Good Morning, or whatever time it is where you are. I’m actually doing this post Saturday AM; I have had a week virtually free of doctors’ appointments, so I don’t feel so slammed.
I have so, so much for which to be grateful today. I am alive, with food to eat and a roof over my head, (which is a good thing, because we’ve had the Maine version of a monsoon all week.) I am feeling a lot better emotionally than I have in a long time — I received a lovely comment about yesterday’s craziness at the doctors’, and for a split second I couldn’t recall any troubles there. I went through it, I ranted about it, and now it’s behind me. For anyone who has never been depressed, that is an enormous change for me. If I had a nickel for every time I carried that thing around for weeks, I wouldn’t be living here; I’d be in a house on the beach somewhere warm and lovely.
I owe thanks to so many for that. First, sister S., who listened all those years, and kept right on loving me, AND introducing me to a new way of looking at the world. Sue, from the bottom of my heart all the way to the top, thank you for your gift, and for being such a loving friend and sister. ❤
My mom stayed right beside me, even when she was near crazy with frustration.
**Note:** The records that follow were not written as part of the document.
text \<open>An l-multipartition is encoded as L :: nat => nat => nat, where
  L k i is the (i+1)-th part of the (k+1)-th component (0-indexed), for k < l, i < n;
  all other values are 0.\<close>
definition is_multipart :: "nat \<Rightarrow> nat \<Rightarrow> nat \<Rightarrow> (nat \<Rightarrow> nat \<Rightarrow> nat) \<Rightarrow> bool" where
  "is_multipart n l m L \<longleftrightarrow>
     (\<forall>k i. (k \<ge> l \<or> i \<ge> n) \<longrightarrow> L k i = 0) \<and>
     (\<forall>k i j. i \<le> j \<longrightarrow> L k j \<le> L k i) \<and>
     (\<Sum>k<l. \<Sum>i<n. L k i) = m"

text \<open>The vector tot in Z^(n l), 0-indexed: position k*n + j holds the (n-j)-th part
  (1-indexed) of the (k+1)-th component; zero outside {..<n*l}.\<close>
definition tot :: "nat \<Rightarrow> nat \<Rightarrow> (nat \<Rightarrow> nat \<Rightarrow> nat) \<Rightarrow> nat \<Rightarrow> int" where
  "tot n l L i = (if i < n * l then int (L (i div n) (n - 1 - i mod n)) else 0)"

definition mp_norm :: "nat \<Rightarrow> nat \<Rightarrow> (nat \<Rightarrow> nat \<Rightarrow> nat) \<Rightarrow> nat list" where
  "mp_norm n l L = rev (sort (map (\<lambda>i. L (i div n) (i mod n)) [0..<n * l]))"

definition dom_le :: "nat list \<Rightarrow> nat list \<Rightarrow> bool" where
  "dom_le a b \<longleftrightarrow> (\<forall>k. sum_list (take k a) \<le> sum_list (take k b))"

definition dom_lt :: "nat list \<Rightarrow> nat list \<Rightarrow> bool" where
  "dom_lt a b \<longleftrightarrow> dom_le a b \<and> a \<noteq> b"

text \<open>Z^N_+ : nonzero elements of the cone spanned by e_a - e_b, a < b < N.\<close>
definition Zplus :: "nat \<Rightarrow> (nat \<Rightarrow> int) \<Rightarrow> bool" where
  "Zplus N v \<longleftrightarrow> v \<noteq> (\<lambda>_. 0) \<and>
     (\<exists>c :: nat \<Rightarrow> nat \<Rightarrow> int. (\<forall>a b. 0 \<le> c a b) \<and>
        v = (\<lambda>i. \<Sum>a<N. \<Sum>b<N. if a < b then
               c a b * ((if i = a then 1 else 0) - (if i = b then 1 else 0)) else 0))"

definition mp_less :: "nat \<Rightarrow> nat \<Rightarrow> (nat \<Rightarrow> nat \<Rightarrow> nat) \<Rightarrow> (nat \<Rightarrow> nat \<Rightarrow> nat) \<Rightarrow> bool" where
  "mp_less n l L M \<longleftrightarrow> dom_lt (mp_norm n l L) (mp_norm n l M) \<or>
     (mp_norm n l L = mp_norm n l M \<and> Zplus (n * l) (\<lambda>i. tot n l L i - tot n l M i))"

definition mp_le :: "nat \<Rightarrow> nat \<Rightarrow> (nat \<Rightarrow> nat \<Rightarrow> nat) \<Rightarrow> (nat \<Rightarrow> nat \<Rightarrow> nat) \<Rightarrow> bool" where
  "mp_le n l L M \<longleftrightarrow> mp_less n l L M \<or> L = M"

end

theory Submission imports Defs begin

text \<open>A vector lies in the cone of positive roots \<open>e\<^sub>a - e\<^sub>b\<close> (\<open>a < b\<close>) iff all its prefix
  sums are nonnegative and its total sum vanishes: with \<open>S k\<close> the \<open>k\<close>-th prefix sum, \<open>v\<close> is the
  combination of the simple roots \<open>e\<^sub>a - e\<^sub>a\<^sub>+\<^sub>1\<close> with coefficients \<open>S (a + 1)\<close>.
  Since each component of a multipartition enters \<open>tot\<close> in increasing order, and a prefix of the
  index range meets at most one block partially, a block-preserving permutation of \<open>tot \<lambda>\<close> can
  only raise its prefix sums. Hence the prefix sums of \<open>tot \<mu> - tot \<lambda>\<close> dominate those of
  \<open>tot \<mu> - \<sigma>\<cdot>tot \<lambda>\<close>, so \<open>tot \<mu> - tot \<lambda>\<close> is in the cone unless it is zero, i.e. \<open>\<mu> = \<lambda>\<close>.\<close>

definition pos_root_comb :: "nat \<Rightarrow> (nat \<Rightarrow> nat \<Rightarrow> int) \<Rightarrow> nat \<Rightarrow> int" where
  "pos_root_comb N c i = (\<Sum>a<N. \<Sum>b<N. if a < b then
     c a b * ((if i = a then 1 else 0) - (if i = b then 1 else 0)) else 0)"

lemma Zplus_iff_pos_root_comb:
  "Zplus N v \<longleftrightarrow> v \<noteq> (\<lambda>_. 0) \<and> (\<exists>c. (\<forall>a b. 0 \<le> c a b) \<and> v = pos_root_comb N c)"
  unfolding Zplus_def pos_root_comb_def[abs_def] by simp

lemma pos_root_comb_eq_0: "N \<le> i \<Longrightarrow> pos_root_comb N c i = 0"
  unfolding pos_root_comb_def by (intro sum.neutral ballI) auto

lemma sum_lessThan_pos_root_comb:
  "(\<Sum>i<K. pos_root_comb N c i) = (\<Sum>a<N. \<Sum>b<N. if a < b then
     c a b * ((if a < K then 1 else 0) - (if b < K then 1 else 0)) else 0)"
proof -
  have "(\<Sum>i<K. pos_root_comb N c i) = (\<Sum>a<N. \<Sum>b<N. \<Sum>i<K. if a < b then
     c a b * ((if i = a then 1 else 0) - (if i = b then 1 else 0)) else 0)"
    unfolding pos_root_comb_def by (simp add: sum.swap[of _ "{..<K}"])
  also have "\<dots> = (\<Sum>a<N. \<Sum>b<N. if a < b then
     c a b * ((if a < K then 1 else 0) - (if b < K then 1 else 0)) else 0)"
    by (intro sum.cong refl) (auto simp: sum_subtractf sum_distrib_left[symmetric])
  finally show ?thesis .
qed

lemma pos_root_comb_simple_roots:
  "pos_root_comb N (\<lambda>a b. if b = Suc a then d a else 0) i =
     (if Suc i < N then d i else 0) - (if 0 < i \<and> i < N then d (i - 1) else 0)"
proof -
  have inner: "(\<Sum>b<N. if a < b then (if b = Suc a then d a else 0) *
      ((if i = a then 1 else 0) - (if i = b then 1 else 0)) else 0)
    = (if Suc a < N then d a * ((if i = a then 1 else 0) - (if i = Suc a then 1 else 0)) else 0)"
    for a
  proof -
    have "(\<Sum>b<N. if a < b then (if b = Suc a then d a else 0) *
        ((if i = a then 1 else 0) - (if i = b then 1 else 0)) else 0)
      = (\<Sum>b<N. if b = Suc a then d a * ((if i = a then 1 else 0) - (if i = Suc a then 1 else 0))
          else 0)"
      by (intro sum.cong) auto
    then show ?thesis by simp
  qed
  have "pos_root_comb N (\<lambda>a b. if b = Suc a then d a else 0) i =
     (\<Sum>a<N. if Suc a < N \<and> a = i then d a else 0) -
     (\<Sum>a<N. if Suc a < N \<and> Suc a = i then d a else 0)"
    unfolding pos_root_comb_def inner sum_subtractf[symmetric] by (intro sum.cong) auto
  moreover have "(\<Sum>a<N. if Suc a < N \<and> a = i then d a else 0) =
      (\<Sum>a<N. if a = i then (if Suc i < N then d i else 0) else 0)"
    by (intro sum.cong) auto
  moreover have "(\<Sum>a<N. if Suc a < N \<and> Suc a = i then d a else 0) =
      (\<Sum>a<N. if a = i - 1 then (if 0 < i \<and> i < N then d (i - 1) else 0) else 0)"
    by (intro sum.cong) auto
  ultimately show ?thesis by auto
qed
I know I’ve made you want to scream, time after time, Mom; thank you so much for hanging in there, and for loving me so much that even after all that, we are friends. ❤
All of the other members of my family — I’m sorry I have to lump you together, but sisters J., DC, DB, and M., brother M., and Dad and P., for your unbounded optimism. Also, assorted spouses and significant others, and all my nieces and nephews, and my grand-nephew and incipient grand-niece. All of you supported me and loved me, even when we didn’t see each other or speak for months at a time. Thank you so much. ❤
Mom just called, and we are going to the Coastal Maine Botanical Gardens in an hour, so I better go get ready. My love and thanks to my psychologist, and all my friends, especially Darreby, and all of my lovely online friends, who are so faithful, work friends, and anyone I’ve forgotten: I realize that each and every one of you has had a hand in getting me to where I am. Thank you all so much. I am so blessed, and so thankful. I am a very lucky woman.